Maya's voice continued — a sorrowful chant that tore through the room.

"You were there when no one else was. You saved me from the darkness, even when you were hurting too… I thought if I stayed silent, if I obeyed, you would survive."

Her words dripped with pain, more felt than heard.

Fahim's hand trembled as he wiped a tear from his cheek.

Mahim's eyes glistened; even Mahi's lips quivered.

The cousins looked away, swallowing their sobs.

Maya's face was a mask of pain — no tears fell, no cries escaped, but every line of her face spoke of a soul worn thin by sorrow.

Her lips moved again, quieter this time.

"You were my light. My only light. You made me believe there was hope…"

She looked straight at Rahi now, her gaze soft but empty.

"And then you left…"

Rahi knelt beside her closly , voice barely steady.

"Maya, I'm not Arab. But I'm here. I won't leave."

She blinked slowly, her breathing calming a little.

"Why did you leave me? Why did you give me this life I didn't want? "

Maya keeps hitting Rahi and mumbling words again and again.

Rani tries to stop Maya from doing this, Rahi says, "Okay, let her think. Even if it reduces her pain a little."

Then, as if grasping for a fragile lifeline, she whispered,"Anik… anik my locket to me. Please… bring it to me."

Anik hurried forward without hesitation.

Minutes later, he returned, holding the small silver locket — worn, but precious.

Maya's fingers trembled as she took it.

With trembling hands, she pressed a hidden button.

The soft click echoed in the room.

Then, from the tiny speaker came a voice — young, brave, and full of quiet hope.

Arab's voice,"If you're hearing this, Maya… I'm gone. But I left you something to remember. You were never alone. You were never a mistake. You were always light, even in the darkest places.Never blame yourself for my death.Protect yourself from them. Live and lead a life that takes no pain. Everything will be normal one day."

Maya held the locket close to her chest, her face unreadable — no joy, no sadness, only the hollow echo of pain.

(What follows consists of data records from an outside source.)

lemma symmetric_matrix_range:
  fixes A :: "real^'n^'n"
  assumes sym: "transpose A = A" and orth: "\<And>x. A *v x = 0 \<Longrightarrow> x \<bullet> y = 0"
  shows "\<exists>w. A *v w = y"
proof -
  let ?f = "(*v) A"
  have lin: "linear ?f" by (rule matrix_vector_mul_linear)
  have "?f -` {0} = (range (adjoint ?f))\<^sup>\<bottom>" by (rule ker_orthogonal_comp_adjoint[OF lin])
  also have "adjoint ?f = ?f" using adjoint_matrix sym by metis
  finally have ker: "?f -` {0} = (range ?f)\<^sup>\<bottom>" .
  have "y \<in> (?f -` {0})\<^sup>\<bottom>"
    using orth unfolding orthogonal_comp_def orthogonal_def by auto
  also have "\<dots> = range ?f" unfolding ker
    by (rule orthogonal_comp_self) (simp add: lin linear_subspace_image)
  finally show ?thesis by auto
qed

locale regularized_pencil =
  fixes S P :: "real^'n^'n" and a :: real
  assumes S_symmetric: "transpose S = S"
    and S_coercive: "\<And>x. x \<bullet> (S *v x) \<ge> a * (x \<bullet> x)"
    and a_pos: "a > 0"
    and P_symmetric: "transpose P = P"
    and P_psd: "\<And>x. x \<bullet> (P *v x) \<ge> 0"
begin

lemma pencil_mult: "(S + t *\<^sub>R P) *v u = S *v u + t *\<^sub>R (P *v u)"
  by (simp add: matrix_vector_mult_add_rdistrib scaleR_matrix_vector_assoc)

lemma pencil_coercive:
  assumes "t \<ge> 0"
  shows "x \<bullet> ((S + t *\<^sub>R P) *v x) \<ge> a * (x \<bullet> x)"
proof -
  have "t * (x \<bullet> (P *v x)) \<ge> 0" using P_psd assms by simp
  then show ?thesis using S_coercive[of x] by (simp add: pencil_mult inner_add_right)
qed

lemma pencil_inverse:
  assumes "t \<ge> 0"
  shows "(S + t *\<^sub>R P) *v (matrix_inv (S + t *\<^sub>R P) *v u) = u"
proof -
  let ?M = "S + t *\<^sub>R P"
  have "x = 0" if "?M *v x = 0" for x
  proof -
    have "a * (x \<bullet> x) \<le> 0" using pencil_coercive[OF assms, of x] that by simp
    then have "x \<bullet> x \<le> 0" using a_pos by (simp add: mult_le_0_iff)
    then show "x = 0" by (metis antisym inner_ge_zero inner_eq_zero_iff)
  qed
  then have "invertible ?M"
    using matrix_left_invertible_ker invertible_left_inverse by blast
  then have "?M ** matrix_inv ?M = mat 1 \<and> matrix_inv ?M ** ?M = mat 1"
    unfolding invertible_def matrix_inv_def by (rule someI_ex)
  then show ?thesis by (metis matrix_vector_mul_assoc matrix_vector_mul_lid)
qed

lemma pencil_range_bound:
  assumes t: "t > 0" and eq: "(S + t *\<^sub>R P) *v x = P *v w"
  shows "2 * a * t * (x \<bullet> x) \<le> w \<bullet> (P *v w)"
proof -
  define q where "q = x \<bullet> (P *v x)"
  define p where "p = x \<bullet> (P *v w)"
  define c where "c = w \<bullet> (P *v w)"
  have q: "q \<ge> 0" unfolding q_def by (rule P_psd)
  have coer: "a * (x \<bullet> x) + t * q \<le> p"
    using S_coercive[of x] eq unfolding q_def p_def
    by (simp add: pencil_mult inner_add_right flip: eq)
  have "0 \<le> (t *\<^sub>R x - w) \<bullet> (P *v (t *\<^sub>R x - w))" by (rule P_psd)
  also have "\<dots> = t * t * q - 2 * t * p + c"
    using symmetric_matrix_inner_swap[OF P_symmetric, of w x] unfolding q_def p_def c_def
    by (simp add: matrix_vector_mult_diff_distrib matrix_vector_mult_scaleR
        inner_diff_left inner_diff_right algebra_simps)
  finally have "2 * t * p \<le> t * t * q + c" by simp
  moreover have "2 * t * (a * (x \<bullet> x) + t * q) \<le> 2 * t * p"
    using coer t by simp
  moreover have "t * t * q \<ge> 0" using q t by simp
  ultimately show ?thesis unfolding c_def by (simp add: algebra_simps)
qed

lemma pencil_inverse_column_limit:
  fixes N :: "real^'n^'n"
  assumes N_symmetric: "transpose N = N"
    and P_N: "\<And>y. P *v (N *v y) = 0"
    and N_S_kernel: "\<And>x. P *v x = 0 \<Longrightarrow> N *v (S *v x) = x"
  shows "((\<lambda>t. matrix_inv (S + t *\<^sub>R P) *v u) \<longlongrightarrow> N *v u) at_top"
proof -
  define y where "y = u - S *v (N *v u)"
  have "x \<bullet> y = 0" if "P *v x = 0" for x
  proof -
    have "x \<bullet> (S *v (N *v u)) = (S *v x) \<bullet> (N *v u)"
      using symmetric_matrix_inner_swap[OF S_symmetric] by (simp add: inner_commute)
    also have "\<dots> = u \<bullet> (N *v (S *v x))"
      using symmetric_matrix_inner_swap[OF N_symmetric] by simp
    also have "\<dots> = x \<bullet> u" using N_S_kernel[OF that] by (simp add: inner_commute)
    finally show ?thesis unfolding y_def by (simp add: inner_diff_right)
  qed
  then obtain w where w: "P *v w = y"
    using symmetric_matrix_range[OF P_symmetric] by blast
  define c where "c = w \<bullet> (P *v w) / (2 * a)"
  have bound: "norm (matrix_inv (S + t *\<^sub>R P) *v u - N *v u) \<le> sqrt (c * inverse t)"
    if t: "t > 0" for t
  proof -
    let ?M = "S + t *\<^sub>R P"
    define x where "x = matrix_inv ?M *v u - N *v u"
    have "?M *v x = u - ?M *v (N *v u)"
      unfolding x_def using pencil_inverse t by (simp add: matrix_vector_mult_diff_distrib)
    also have "\<dots> = P *v w" unfolding w y_def pencil_mult P_N by simp
    finally have "2 * a * t * (x \<bullet> x) \<le> w \<bullet> (P *v w)"
      by (rule pencil_range_bound[OF t])
    then have "x \<bullet> x \<le> c * inverse t"
      unfolding c_def using t a_pos by (simp add: field_simps)
    then show ?thesis unfolding x_def norm_eq_sqrt_inner by (rule real_sqrt_le_mono)
  qed
  have "((\<lambda>t. sqrt (c * inverse t)) \<longlongrightarrow> 0) at_top"
    using tendsto_real_sqrt[OF tendsto_mult_right_zero[OF tendsto_inverse_0_at_top[OF filterlim_ident]]]
    by simp
  moreover have "\<forall>\<^sub>F t in at_top.
      norm (matrix_inv (S + t *\<^sub>R P) *v u - N *v u) \<le> sqrt (c * inverse t)"
    using eventually_gt_at_top[of "0::real"] by eventually_elim (rule bound)
  ultimately have "((\<lambda>t. matrix_inv (S + t *\<^sub>R P) *v u - N *v u) \<longlongrightarrow> 0) at_top"
    by (rule Lim_null_comparison[rotated])
  then show ?thesis by (rule LIM_zero_cancel)
qed

lemma pencil_inverse_limit:
  fixes N :: "real^'n^'n"
  assumes "transpose N = N"
    and "\<And>y. P *v (N *v y) = 0"
    and "\<And>x. P *v x = 0 \<Longrightarrow> N *v (S *v x) = x"
  shows "((\<lambda>t. matrix_inv (S + t *\<^sub>R P)) \<longlongrightarrow> N) at_top"
proof (intro vec_tendstoI)
  fix i j
  have "((\<lambda>t. (matrix_inv (S + t *\<^sub>R P) *v axis j 1) $ i) \<longlongrightarrow> (N *v axis j 1) $ i) at_top"
    by (intro tendsto_vec_nth pencil_inverse_column_limit assms)
  then show "((\<lambda>t. matrix_inv (S + t *\<^sub>R P) $ i $ j) \<longlongrightarrow> N $ i $ j) at_top"
    by (simp add: matrix_vector_mult_basis column_def)
qed

end

locale signless_laplacian_graph =
  fixes P :: "real^'n^'n"
  assumes signless: "signless_laplacian P"
begin

lemma P_symmetric: "transpose P = P"
  using signless unfolding signless_laplacian_def by simp

lemma P_entry_sym: "P$i$j = P$j$i"
  using P_symmetric unfolding transpose_def by (metis vec_lambda_beta)

lemma P_offdiag: "i \<noteq> j \<Longrightarrow> P$i$j = 0 \<or> P$i$j = 1"
  using signless unfolding signless_laplacian_def by auto

lemma P_nonneg: "P$i$j \<ge> 0"
  using signless P_offdiag unfolding signless_laplacian_def by (cases "i = j") force+

lemma Delta_cases: "Delta P i = 0 \<or> Delta P i = 2"
  using signless unfolding signless_laplacian_def by auto

lemma edge_sym: "edge P i j \<Longrightarrow> edge P j i"
  unfolding edge_def using P_entry_sym by metis

definition adj :: "'n \<Rightarrow> 'n \<Rightarrow> real" where
  "adj i j = (if i = j then 0 else P$i$j)"

lemma adj_nonneg: "adj i j \<ge> 0"
  unfolding adj_def using P_nonneg by simp

lemma adj_sym: "adj i j = adj j i"
  unfolding adj_def using P_entry_sym by simp

lemma adj_edge: "adj i j \<noteq> 0 \<Longrightarrow> edge P i j \<and> adj i j = 1"
  unfolding adj_def edge_def using P_offdiag by (cases "i = j") auto

text \<open>Since the off-diagonal entries are nonnegative, the defect is the diagonal entry
  minus the off-diagonal row sum.\<close>
lemma Delta_adj: "Delta P i = P$i$i - (\<Sum>j\<in>UNIV. adj i j)"
proof -
  have "(\<Sum>j\<in>UNIV. adj i j) = (\<Sum>j\<in>UNIV - {i}. P$i$j)"
    unfolding adj_def by (simp add: sum.If_cases Compl_eq_Diff_UNIV)
  then show ?thesis unfolding Delta_def using P_nonneg by simp
qed

lemma P_mult_row: "(P *v x)$i = P$i$i * x$i + (\<Sum>j\<in>UNIV. adj i j * x$j)"
proof -
  have "(P *v x)$i = (\<Sum>j\<in>UNIV. (if j = i then P$i$i * x$i else 0) + adj i j * x$j)"
    unfolding matrix_vector_mult_def adj_def by (auto intro: sum.cong)
  then show ?thesis by (simp add: sum.distrib)
qed

lemma quadratic_form:
  "x \<bullet> (P *v x) = (\<Sum>i\<in>UNIV. Delta P i * (x$i)^2)
     + (1/2) * (\<Sum>i\<in>UNIV. \<Sum>j\<in>UNIV. adj i j * (x$i + x$j)^2)"
proof -
  let ?A = "\<Sum>i\<in>UNIV. \<Sum>j\<in>UNIV. adj i j * (x$i)^2"
  let ?X = "\<Sum>i\<in>UNIV. \<Sum>j\<in>UNIV. adj i j * x$i * x$j"
  have form: "x \<bullet> (P *v x) = (\<Sum>i\<in>UNIV. P$i$i * (x$i)^2) + ?X"
    by (simp add: inner_vec_def P_mult_row distrib_left sum.distrib sum_distrib_left
        power2_eq_square algebra_simps)
  have swap: "(\<Sum>i\<in>UNIV. \<Sum>j\<in>UNIV. adj i j * (x$j)^2) = ?A"
    by (subst sum.swap) (simp add: adj_sym)
  have squares: "(\<Sum>i\<in>UNIV. \<Sum>j\<in>UNIV. adj i j * (x$i + x$j)^2) = 2 * ?A + 2 * ?X"
  proof -
    have "(\<Sum>i\<in>UNIV. \<Sum>j\<in>UNIV. adj i j * (x$i + x$j)^2)
        = ?A + (\<Sum>i\<in>UNIV. \<Sum>j\<in>UNIV. adj i j * (x$j)^2) + 2 * ?X"
      by (simp add: power2_sum distrib_left sum.distrib sum_distrib_left algebra_simps)
    then show ?thesis using swap by simp
  qed
  have defects: "(\<Sum>i\<in>UNIV. Delta P i * (x$i)^2) = (\<Sum>i\<in>UNIV. P$i$i * (x$i)^2) - ?A"
    by (simp add: Delta_adj left_diff_distrib sum_subtractf sum_distrib_right)
  show ?thesis unfolding form squares defects by (simp add: distrib_left)
qed

lemma Delta_nonneg: "Delta P i \<ge> 0"
  using Delta_cases[of i] by linarith

lemma P_psd: "x \<bullet> (P *v x) \<ge> 0"
  unfolding quadratic_form using Delta_nonneg adj_nonneg by (simp add: sum_nonneg)

lemma kernel_edge_flip:
  assumes x: "P *v x = 0" and e: "edge P i j"
  shows "x$j = - x$i"
proof -
  have loops: "\<forall>i\<in>UNIV. Delta P i * (x$i)^2 \<ge> 0"
    using Delta_nonneg by simp
  have edges: "\<forall>i\<in>UNIV. \<forall>j\<in>UNIV. adj i j * (x$i + x$j)^2 \<ge> 0"
    using adj_nonneg by simp
  then have rows: "\<forall>i\<in>UNIV. (\<Sum>j\<in>UNIV. adj i j * (x$i + x$j)^2) \<ge> 0"
    by (simp add: sum_nonneg)
  have "(\<Sum>i\<in>UNIV. Delta P i * (x$i)^2) \<ge> 0"
    "(\<Sum>i\<in>UNIV. \<Sum>j\<in>UNIV. adj i j * (x$i + x$j)^2) \<ge> 0"
    using loops rows by (simp_all add: sum_nonneg)
  moreover have "(\<Sum>i\<in>UNIV. Delta P i * (x$i)^2)
      + (1/2) * (\<Sum>i\<in>UNIV. \<Sum>j\<in>UNIV. adj i j * (x$i + x$j)^2) = 0"
    using quadratic_form[of x] x by simp
  ultimately have "(\<Sum>i\<in>UNIV. Delta P i * (x$i)^2) = 0"
    and "(\<Sum>i\<in>UNIV. \<Sum>j\<in>UNIV. adj i j * (x$i + x$j)^2) = 0" by linarith+
  then have loop0: "Delta P i * (x$i)^2 = 0" and edge0: "adj i j * (x$i + x$j)^2 = 0"
    using loops rows edges by (simp_all add: sum_nonneg_eq_0_iff)
  show ?thesis
  proof (cases "i = j")
    case True
    then have "Delta P i = 2" using e unfolding edge_def by simp
    then show ?thesis using loop0 True by simp
  next
    case False
    then have "adj i j = 1" using e unfolding edge_def adj_def by simp
    then show ?thesis using edge0 by simp
  qed
qed

lemma edge_flip_kernel:
  assumes flip: "\<And>i j. edge P i j \<Longrightarrow> x$j = - x$i"
  shows "P *v x = 0"
proof -
  have "(P *v x)$i = 0" for i
  proof -
    have "adj i j * x$j = - (adj i j * x$i)" for j
      using adj_edge[of i j] flip by (cases "adj i j = 0") auto
    then have "(P *v x)$i = Delta P i * x$i"
      unfolding P_mult_row Delta_adj by (simp add: sum_negf sum_distrib_left algebra_simps)
    moreover have "Delta P i = 0 \<or> x$i = 0"
      using Delta_cases[of i] flip[of i i] unfolding edge_def by auto
    ultimately show ?thesis by auto
  qed
  then show ?thesis by (simp add: vec_eq_iff)
qed

definition component :: "'n \<Rightarrow> 'n set" where
  "component k = {j. (edge P)\<^sup>*\<^sup>* k j}"

lemma reachable_sym: "(edge P)\<^sup>*\<^sup>* i j \<Longrightarrow> (edge P)\<^sup>*\<^sup>* j i"
  by (induction rule: rtranclp_induct)
    (auto intro: converse_rtranclp_into_rtranclp edge_sym)

lemma components_eq: "components P = range component"
  unfolding components_def component_def by auto

lemma component_self: "k \<in> component k"
  unfolding component_def by simp

lemma component_eq: "j \<in> component k \<Longrightarrow> component j = component k"
  unfolding component_def using reachable_sym by (auto intro: rtranclp_trans)

lemma component_edge: "i \<in> component k \<Longrightarrow> edge P i j \<Longrightarrow> j \<in> component k"
  unfolding component_def by (auto intro: rtranclp.rtrancl_into_rtrancl)

abbreviation Bip :: "'n set set" where
  "Bip \<equiv> bipartite_components P"

lemma finite_Bip: "finite Bip"
  by (rule finite_subset[of _ "Pow UNIV"]) auto

lemma Bip_component: "C \<in> Bip \<Longrightarrow> k \<in> C \<Longrightarrow> C = component k"
  unfolding bipartite_components_def components_eq using component_eq by auto

lemma Bip_disjoint: "C \<in> Bip \<Longrightarrow> D \<in> Bip \<Longrightarrow> k \<in> C \<Longrightarrow> k \<in> D \<Longrightarrow> C = D"
  using Bip_component by blast

lemma Bip_card_pos: "C \<in> Bip \<Longrightarrow> card C > 0"
  unfolding bipartite_components_def components_eq
  using component_self by (auto simp: card_gt_0_iff)

definition side :: "'n set \<Rightarrow> 'n set" where
  "side C = (SOME X. bipartition P C X)"

lemma side_bipartition: "C \<in> Bip \<Longrightarrow> bipartition P C (side C)"
  unfolding side_def bipartite_components_def by (auto intro: someI_ex)

definition side_sign :: "'n set \<Rightarrow> 'n \<Rightarrow> real" where
  "side_sign C k = (if k \<in> side C then 1 else if k \<in> C then -1 else 0)"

Her shoulders sagged.Then, slowly, she sank to the floor.

The room was silent for a heartbeat.

Then, one by one, the sobs began.Mahi's hands covered her face.Fahad's shoulders shook.Even the servants, standing near the door, wiped away tears.No one dared speakNo one dared move.

Because Maya had nothing left to say.

Only pain.Only sorrow.

And with the locket cradled in her hands, she finally — exhausted — closed her eyes and slipped into a restless sleep on the cold floor.

Her face was pale, drawn, and empty — a canvas painted with grief and loss.

But still, not a tear.

Only the sound of others crying filled the room.